• [YOUR ASSIGNMENT] Two lines mark the range in the entries below: the one holding "E z (labp_even_limit" and the one holding "1) d) \<longlonglongrightarrow>". Set down those two and all lines between them, exactly.

Top of DATA PROVIDED

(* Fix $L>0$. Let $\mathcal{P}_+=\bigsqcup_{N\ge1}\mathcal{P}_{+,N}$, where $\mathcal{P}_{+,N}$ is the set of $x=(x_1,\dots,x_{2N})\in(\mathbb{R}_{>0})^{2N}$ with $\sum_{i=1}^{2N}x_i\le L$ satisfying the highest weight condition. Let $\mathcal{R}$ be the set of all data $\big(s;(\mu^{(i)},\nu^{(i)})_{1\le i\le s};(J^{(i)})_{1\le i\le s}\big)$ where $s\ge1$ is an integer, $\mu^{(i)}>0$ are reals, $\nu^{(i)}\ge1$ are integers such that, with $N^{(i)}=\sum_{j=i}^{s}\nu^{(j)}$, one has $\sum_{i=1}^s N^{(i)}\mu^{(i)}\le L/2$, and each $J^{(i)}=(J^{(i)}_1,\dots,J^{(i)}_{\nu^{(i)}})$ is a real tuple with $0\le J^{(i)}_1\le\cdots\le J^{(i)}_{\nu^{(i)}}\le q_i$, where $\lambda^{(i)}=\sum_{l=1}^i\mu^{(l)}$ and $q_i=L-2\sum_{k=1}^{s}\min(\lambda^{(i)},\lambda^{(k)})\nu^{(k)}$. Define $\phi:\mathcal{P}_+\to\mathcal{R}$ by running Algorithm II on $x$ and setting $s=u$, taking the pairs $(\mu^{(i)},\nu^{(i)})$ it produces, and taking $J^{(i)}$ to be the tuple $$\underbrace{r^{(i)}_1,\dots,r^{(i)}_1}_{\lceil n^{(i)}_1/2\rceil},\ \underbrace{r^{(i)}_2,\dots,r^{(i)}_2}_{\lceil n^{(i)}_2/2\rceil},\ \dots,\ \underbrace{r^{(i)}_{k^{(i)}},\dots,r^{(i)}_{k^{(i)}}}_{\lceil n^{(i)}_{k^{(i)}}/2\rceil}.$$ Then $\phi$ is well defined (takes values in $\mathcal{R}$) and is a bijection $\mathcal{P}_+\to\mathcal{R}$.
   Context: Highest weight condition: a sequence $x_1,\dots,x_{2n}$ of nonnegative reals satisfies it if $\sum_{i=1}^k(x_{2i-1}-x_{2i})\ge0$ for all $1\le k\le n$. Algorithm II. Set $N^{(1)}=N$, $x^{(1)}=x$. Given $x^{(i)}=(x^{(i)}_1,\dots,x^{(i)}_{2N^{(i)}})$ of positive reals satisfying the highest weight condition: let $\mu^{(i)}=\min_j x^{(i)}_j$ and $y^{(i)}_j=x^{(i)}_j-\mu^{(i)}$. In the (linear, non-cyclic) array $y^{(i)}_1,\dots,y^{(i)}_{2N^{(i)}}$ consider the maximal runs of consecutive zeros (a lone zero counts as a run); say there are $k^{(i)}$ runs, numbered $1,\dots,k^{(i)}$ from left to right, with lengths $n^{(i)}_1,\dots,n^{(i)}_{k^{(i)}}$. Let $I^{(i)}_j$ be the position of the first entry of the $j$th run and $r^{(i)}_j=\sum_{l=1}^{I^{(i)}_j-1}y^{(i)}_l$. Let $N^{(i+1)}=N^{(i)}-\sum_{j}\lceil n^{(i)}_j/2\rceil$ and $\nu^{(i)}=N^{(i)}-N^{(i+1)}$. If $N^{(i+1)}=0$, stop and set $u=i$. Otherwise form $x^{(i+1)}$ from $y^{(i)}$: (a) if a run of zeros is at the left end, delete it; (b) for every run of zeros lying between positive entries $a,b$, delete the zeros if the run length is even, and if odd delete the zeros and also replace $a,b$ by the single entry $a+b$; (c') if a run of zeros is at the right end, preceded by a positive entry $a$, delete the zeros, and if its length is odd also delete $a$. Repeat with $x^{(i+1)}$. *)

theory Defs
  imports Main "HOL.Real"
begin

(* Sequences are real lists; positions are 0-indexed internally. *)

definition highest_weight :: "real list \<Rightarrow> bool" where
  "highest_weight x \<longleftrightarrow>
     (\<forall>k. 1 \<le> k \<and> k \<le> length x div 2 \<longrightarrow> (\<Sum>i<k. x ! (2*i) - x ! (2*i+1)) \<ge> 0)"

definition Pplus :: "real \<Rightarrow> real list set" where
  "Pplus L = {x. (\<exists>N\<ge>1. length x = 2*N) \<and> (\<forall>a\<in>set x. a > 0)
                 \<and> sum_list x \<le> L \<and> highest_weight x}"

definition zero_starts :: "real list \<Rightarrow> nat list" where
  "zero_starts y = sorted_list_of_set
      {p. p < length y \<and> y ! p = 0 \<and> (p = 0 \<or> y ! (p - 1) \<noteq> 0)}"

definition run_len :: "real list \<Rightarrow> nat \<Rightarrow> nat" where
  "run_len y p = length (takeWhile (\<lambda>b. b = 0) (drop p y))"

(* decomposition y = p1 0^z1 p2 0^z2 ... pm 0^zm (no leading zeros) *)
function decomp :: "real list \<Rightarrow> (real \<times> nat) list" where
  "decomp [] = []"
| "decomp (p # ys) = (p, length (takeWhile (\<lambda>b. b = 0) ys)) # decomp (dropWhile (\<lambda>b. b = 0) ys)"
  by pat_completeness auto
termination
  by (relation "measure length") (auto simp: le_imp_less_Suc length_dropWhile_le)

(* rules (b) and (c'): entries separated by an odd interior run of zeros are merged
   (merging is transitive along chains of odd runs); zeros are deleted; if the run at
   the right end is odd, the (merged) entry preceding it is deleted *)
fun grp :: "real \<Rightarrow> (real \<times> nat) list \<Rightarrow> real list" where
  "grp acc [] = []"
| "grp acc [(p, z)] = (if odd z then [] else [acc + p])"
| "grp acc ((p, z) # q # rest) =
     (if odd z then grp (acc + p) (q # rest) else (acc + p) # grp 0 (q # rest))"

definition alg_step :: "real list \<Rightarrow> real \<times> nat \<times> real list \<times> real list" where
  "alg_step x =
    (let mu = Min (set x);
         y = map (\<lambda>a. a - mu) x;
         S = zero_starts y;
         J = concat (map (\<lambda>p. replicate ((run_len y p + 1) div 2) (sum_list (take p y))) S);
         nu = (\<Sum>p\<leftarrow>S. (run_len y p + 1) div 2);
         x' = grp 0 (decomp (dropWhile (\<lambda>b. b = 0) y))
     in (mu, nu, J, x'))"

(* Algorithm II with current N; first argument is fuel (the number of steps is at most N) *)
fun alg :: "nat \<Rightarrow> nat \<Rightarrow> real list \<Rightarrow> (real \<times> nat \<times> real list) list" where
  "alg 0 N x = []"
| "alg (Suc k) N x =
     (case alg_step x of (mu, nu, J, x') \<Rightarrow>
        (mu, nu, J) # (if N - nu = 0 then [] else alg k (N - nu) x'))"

Bottom of DATA PROVIDED
Top of DATA PROVIDED

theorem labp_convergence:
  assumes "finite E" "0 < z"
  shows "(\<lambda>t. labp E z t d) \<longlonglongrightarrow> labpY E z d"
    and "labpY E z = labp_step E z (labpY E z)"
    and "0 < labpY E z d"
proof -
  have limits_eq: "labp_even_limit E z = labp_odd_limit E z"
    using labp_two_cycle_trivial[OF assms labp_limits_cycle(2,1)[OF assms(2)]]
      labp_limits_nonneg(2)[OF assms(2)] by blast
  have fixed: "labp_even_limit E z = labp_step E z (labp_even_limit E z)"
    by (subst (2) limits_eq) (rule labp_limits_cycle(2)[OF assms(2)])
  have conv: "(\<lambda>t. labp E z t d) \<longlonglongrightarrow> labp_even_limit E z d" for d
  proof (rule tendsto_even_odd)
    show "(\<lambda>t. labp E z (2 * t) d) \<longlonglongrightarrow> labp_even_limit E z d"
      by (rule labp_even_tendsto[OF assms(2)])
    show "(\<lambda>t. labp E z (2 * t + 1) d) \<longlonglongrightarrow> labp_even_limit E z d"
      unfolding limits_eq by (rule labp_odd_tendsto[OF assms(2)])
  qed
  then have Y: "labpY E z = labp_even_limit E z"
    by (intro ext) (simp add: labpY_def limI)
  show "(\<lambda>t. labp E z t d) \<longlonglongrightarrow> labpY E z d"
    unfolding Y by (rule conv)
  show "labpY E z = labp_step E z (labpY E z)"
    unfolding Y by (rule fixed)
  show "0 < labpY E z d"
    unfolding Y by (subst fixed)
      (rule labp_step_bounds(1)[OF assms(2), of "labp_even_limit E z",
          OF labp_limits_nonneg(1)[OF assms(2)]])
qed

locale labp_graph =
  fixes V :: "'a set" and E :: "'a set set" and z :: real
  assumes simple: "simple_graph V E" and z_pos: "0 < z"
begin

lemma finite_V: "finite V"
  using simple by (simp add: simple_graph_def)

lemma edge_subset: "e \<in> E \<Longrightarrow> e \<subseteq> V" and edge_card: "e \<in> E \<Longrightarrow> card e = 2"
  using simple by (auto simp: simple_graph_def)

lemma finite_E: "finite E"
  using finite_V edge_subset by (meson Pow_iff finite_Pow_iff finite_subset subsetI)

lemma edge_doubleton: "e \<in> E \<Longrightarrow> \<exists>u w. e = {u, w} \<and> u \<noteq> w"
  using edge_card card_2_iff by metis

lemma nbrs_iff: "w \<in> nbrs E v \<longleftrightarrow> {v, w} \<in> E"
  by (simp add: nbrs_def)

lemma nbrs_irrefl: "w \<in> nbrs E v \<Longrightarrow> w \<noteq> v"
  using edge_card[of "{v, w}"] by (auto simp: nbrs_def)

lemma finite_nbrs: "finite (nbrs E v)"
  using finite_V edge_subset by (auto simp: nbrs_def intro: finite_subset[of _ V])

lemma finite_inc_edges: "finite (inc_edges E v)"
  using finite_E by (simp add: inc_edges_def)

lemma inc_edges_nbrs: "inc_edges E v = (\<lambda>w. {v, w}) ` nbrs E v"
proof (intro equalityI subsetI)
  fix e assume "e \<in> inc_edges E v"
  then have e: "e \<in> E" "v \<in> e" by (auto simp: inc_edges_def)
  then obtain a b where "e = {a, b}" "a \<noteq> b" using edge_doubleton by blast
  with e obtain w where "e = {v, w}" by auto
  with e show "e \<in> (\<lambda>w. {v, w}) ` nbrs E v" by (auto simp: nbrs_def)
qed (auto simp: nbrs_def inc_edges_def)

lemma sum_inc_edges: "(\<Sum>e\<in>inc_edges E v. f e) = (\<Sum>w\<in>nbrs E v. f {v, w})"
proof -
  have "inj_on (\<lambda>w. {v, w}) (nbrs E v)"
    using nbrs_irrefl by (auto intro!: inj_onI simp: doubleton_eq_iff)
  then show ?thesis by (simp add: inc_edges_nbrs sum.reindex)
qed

Bottom of DATA PROVIDED

• [ANSWER TO THIS PROBLEM]
  have fixed: "labp_even_limit E z = labp_step E z (labp_even_limit E z)"
    by (subst (2) limits_eq) (rule labp_limits_cycle(2)[OF assms(2)])
  have conv: "(\<lambda>t. labp E z t d) \<longlonglongrightarrow> labp_even_limit E z d" for d
  proof (rule tendsto_even_odd)
    show "(\<lambda>t. labp E z (2 * t) d) \<longlonglongrightarrow> labp_even_limit E z d"
      by (rule labp_even_tendsto[OF assms(2)])
    show "(\<lambda>t. labp E z (2 * t + 1) d) \<longlonglongrightarrow> labp_even_limit E z d"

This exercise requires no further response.